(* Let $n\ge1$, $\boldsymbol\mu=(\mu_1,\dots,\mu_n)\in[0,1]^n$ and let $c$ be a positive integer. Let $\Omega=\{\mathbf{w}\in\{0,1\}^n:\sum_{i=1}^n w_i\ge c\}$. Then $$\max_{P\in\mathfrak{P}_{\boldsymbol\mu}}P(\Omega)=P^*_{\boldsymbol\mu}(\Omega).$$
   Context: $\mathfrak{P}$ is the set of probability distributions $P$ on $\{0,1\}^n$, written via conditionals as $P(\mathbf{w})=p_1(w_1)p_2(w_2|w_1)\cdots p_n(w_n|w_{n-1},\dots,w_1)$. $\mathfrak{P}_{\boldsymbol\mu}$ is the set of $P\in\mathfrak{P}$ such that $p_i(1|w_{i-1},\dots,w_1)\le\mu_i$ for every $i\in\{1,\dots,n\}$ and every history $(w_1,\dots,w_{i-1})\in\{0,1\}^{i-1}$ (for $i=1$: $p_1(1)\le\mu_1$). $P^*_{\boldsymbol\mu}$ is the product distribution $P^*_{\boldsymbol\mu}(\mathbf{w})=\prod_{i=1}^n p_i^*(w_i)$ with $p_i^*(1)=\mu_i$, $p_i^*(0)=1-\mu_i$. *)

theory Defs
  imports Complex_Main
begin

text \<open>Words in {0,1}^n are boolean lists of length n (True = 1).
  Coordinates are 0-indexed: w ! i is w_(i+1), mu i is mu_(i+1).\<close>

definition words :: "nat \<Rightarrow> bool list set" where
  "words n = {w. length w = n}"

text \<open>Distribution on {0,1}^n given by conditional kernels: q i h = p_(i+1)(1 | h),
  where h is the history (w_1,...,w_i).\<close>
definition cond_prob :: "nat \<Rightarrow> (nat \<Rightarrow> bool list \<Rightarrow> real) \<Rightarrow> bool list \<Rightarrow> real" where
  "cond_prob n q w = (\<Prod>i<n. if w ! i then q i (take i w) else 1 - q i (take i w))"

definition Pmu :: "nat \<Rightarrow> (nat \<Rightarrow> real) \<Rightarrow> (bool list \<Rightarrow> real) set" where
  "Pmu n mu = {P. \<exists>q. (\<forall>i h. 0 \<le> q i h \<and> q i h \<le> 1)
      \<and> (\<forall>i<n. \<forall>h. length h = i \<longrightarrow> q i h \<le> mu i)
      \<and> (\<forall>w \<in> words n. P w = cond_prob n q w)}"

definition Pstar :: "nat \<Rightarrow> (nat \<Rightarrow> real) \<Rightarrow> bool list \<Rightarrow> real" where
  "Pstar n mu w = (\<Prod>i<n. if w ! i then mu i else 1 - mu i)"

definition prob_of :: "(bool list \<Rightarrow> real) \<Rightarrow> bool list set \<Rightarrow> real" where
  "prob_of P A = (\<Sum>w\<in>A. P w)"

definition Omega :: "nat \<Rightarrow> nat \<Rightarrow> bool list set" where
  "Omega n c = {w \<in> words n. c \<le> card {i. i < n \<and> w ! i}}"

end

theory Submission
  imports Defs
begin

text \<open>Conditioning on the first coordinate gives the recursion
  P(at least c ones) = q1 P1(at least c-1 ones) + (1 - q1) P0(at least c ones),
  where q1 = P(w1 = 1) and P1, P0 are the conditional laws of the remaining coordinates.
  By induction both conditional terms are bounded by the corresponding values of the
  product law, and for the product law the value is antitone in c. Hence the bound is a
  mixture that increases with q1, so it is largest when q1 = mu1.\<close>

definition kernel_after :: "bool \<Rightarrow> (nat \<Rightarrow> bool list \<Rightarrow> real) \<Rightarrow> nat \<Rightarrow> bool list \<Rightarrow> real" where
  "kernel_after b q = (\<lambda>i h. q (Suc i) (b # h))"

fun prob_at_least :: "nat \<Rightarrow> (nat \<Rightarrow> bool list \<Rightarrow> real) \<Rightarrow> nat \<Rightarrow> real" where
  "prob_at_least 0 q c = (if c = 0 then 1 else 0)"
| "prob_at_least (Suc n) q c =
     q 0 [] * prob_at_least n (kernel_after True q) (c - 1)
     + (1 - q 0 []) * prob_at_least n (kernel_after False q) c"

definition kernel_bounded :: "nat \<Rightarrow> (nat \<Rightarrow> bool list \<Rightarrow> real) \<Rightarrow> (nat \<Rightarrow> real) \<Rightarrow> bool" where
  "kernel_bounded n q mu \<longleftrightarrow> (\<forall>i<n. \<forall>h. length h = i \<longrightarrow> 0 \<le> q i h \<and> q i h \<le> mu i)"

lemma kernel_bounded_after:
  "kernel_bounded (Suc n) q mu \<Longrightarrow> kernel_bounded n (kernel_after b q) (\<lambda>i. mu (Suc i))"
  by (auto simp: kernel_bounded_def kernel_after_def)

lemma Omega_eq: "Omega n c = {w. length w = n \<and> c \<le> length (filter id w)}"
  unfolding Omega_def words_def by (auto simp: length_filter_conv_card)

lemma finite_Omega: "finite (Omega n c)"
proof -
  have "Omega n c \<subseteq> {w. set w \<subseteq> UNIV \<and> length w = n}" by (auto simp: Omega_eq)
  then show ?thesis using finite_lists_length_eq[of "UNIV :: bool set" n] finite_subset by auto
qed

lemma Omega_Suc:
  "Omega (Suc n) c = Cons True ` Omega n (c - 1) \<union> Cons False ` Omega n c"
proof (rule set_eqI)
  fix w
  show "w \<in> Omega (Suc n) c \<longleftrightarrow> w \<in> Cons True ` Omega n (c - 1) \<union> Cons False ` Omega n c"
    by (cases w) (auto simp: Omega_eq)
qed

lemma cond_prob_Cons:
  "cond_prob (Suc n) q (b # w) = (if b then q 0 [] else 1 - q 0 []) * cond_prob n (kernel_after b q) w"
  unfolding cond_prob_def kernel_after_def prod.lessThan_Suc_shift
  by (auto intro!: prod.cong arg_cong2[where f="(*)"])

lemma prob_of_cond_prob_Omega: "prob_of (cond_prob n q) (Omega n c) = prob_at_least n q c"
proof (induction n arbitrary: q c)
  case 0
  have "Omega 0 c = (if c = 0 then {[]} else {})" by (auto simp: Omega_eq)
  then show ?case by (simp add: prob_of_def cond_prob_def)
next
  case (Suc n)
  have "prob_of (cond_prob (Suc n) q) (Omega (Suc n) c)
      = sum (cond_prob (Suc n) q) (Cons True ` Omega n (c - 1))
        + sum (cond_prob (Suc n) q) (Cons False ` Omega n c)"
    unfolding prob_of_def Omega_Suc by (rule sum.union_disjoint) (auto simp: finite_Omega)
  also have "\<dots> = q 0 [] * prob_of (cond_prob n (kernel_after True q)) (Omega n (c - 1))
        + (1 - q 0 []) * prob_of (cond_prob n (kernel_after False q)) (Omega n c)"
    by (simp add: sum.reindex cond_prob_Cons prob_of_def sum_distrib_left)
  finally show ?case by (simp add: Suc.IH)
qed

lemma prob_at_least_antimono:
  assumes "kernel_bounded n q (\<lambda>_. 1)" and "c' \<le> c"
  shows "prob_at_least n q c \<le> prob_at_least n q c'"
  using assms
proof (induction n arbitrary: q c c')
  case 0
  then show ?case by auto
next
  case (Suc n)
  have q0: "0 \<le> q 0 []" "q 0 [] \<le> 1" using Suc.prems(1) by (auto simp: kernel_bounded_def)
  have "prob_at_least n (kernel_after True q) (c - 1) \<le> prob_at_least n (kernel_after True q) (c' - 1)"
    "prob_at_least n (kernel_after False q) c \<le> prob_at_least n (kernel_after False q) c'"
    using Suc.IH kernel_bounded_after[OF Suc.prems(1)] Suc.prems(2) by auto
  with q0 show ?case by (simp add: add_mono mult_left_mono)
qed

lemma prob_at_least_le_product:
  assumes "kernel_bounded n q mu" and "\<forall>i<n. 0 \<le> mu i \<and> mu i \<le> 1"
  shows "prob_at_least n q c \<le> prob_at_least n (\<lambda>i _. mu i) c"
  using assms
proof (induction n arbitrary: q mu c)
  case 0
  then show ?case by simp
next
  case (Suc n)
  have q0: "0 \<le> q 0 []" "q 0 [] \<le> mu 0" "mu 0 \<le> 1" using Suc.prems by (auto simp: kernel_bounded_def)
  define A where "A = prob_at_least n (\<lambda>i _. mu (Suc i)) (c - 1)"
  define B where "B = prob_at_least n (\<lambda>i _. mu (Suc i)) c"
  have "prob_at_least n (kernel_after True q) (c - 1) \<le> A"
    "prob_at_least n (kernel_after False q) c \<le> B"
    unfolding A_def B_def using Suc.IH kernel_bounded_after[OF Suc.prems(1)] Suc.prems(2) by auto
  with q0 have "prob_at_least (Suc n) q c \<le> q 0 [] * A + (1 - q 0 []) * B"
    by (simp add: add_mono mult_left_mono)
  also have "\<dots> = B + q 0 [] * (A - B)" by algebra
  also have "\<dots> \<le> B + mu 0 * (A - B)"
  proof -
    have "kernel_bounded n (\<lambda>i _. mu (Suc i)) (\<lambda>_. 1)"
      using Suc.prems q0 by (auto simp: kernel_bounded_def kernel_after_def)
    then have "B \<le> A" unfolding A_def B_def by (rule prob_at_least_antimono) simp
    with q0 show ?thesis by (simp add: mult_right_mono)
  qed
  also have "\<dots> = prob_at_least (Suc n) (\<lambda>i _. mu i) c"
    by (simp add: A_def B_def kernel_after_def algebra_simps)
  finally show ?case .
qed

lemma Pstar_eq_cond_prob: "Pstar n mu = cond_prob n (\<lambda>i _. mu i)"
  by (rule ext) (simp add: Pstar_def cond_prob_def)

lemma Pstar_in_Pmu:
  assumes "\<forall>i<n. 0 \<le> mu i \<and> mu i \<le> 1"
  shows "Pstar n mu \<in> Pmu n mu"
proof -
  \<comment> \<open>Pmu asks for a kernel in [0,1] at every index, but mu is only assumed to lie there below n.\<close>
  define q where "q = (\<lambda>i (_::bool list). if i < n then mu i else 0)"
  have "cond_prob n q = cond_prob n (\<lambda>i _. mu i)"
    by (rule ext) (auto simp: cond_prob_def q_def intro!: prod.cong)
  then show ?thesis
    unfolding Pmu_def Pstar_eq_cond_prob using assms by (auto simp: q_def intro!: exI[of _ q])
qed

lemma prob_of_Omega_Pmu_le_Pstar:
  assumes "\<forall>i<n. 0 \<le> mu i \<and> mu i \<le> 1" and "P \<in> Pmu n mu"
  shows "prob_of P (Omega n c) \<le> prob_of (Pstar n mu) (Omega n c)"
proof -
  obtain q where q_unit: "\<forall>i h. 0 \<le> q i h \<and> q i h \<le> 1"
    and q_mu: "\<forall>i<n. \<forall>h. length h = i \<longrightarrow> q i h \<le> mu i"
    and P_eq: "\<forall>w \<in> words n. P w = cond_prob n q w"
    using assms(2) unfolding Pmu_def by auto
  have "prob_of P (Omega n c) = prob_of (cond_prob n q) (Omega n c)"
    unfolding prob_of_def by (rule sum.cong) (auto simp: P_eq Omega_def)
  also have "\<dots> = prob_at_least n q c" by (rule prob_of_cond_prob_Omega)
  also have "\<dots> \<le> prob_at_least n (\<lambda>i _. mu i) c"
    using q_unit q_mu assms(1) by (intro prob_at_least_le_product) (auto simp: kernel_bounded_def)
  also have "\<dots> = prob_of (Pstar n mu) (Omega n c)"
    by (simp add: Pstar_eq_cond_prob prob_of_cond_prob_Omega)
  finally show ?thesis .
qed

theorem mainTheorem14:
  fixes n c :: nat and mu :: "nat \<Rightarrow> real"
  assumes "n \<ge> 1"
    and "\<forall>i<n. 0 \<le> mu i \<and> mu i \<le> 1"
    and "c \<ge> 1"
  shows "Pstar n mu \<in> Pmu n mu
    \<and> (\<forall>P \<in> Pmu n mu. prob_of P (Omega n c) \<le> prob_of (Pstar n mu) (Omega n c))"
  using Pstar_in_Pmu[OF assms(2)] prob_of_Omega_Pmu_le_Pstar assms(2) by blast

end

_Goal of the exercise:_ Each line in the data where the string "using" occurs should be identified and copied.

_Exercise solution:_
  then show ?thesis using finite_lists_length_eq[of "UNIV :: bool set" n] finite_subset by auto
  using assms
  have q0: "0 \<le> q 0 []" "q 0 [] \<le> 1" using Suc.prems(1) by (auto simp: kernel_bounded_def)
    using Suc.IH kernel_bounded_after[OF Suc.prems(1)] Suc.prems(2) by auto
  using assms
  have q0: "0 \<le> q 0 []" "q 0 [] \<le> mu 0" "mu 0 \<le> 1" using Suc.prems by (auto simp: kernel_bounded_def)
    unfolding A_def B_def using Suc.IH kernel_bounded_after[OF Suc.prems(1)] Suc.prems(2) by auto
      using Suc.prems q0 by (auto simp: kernel_bounded_def kernel_after_def)
    unfolding Pmu_def Pstar_eq_cond_prob using assms by (auto simp: q_def intro!: exI[of _ q])
    using assms(2) unfolding Pmu_def by auto
    using q_unit q_mu assms(1) by (intro prob_at_least_le_product) (auto simp: kernel_bounded_def)
  using Pstar_in_Pmu[OF assms(2)] prob_of_Omega_Pmu_le_Pstar assms(2) by blast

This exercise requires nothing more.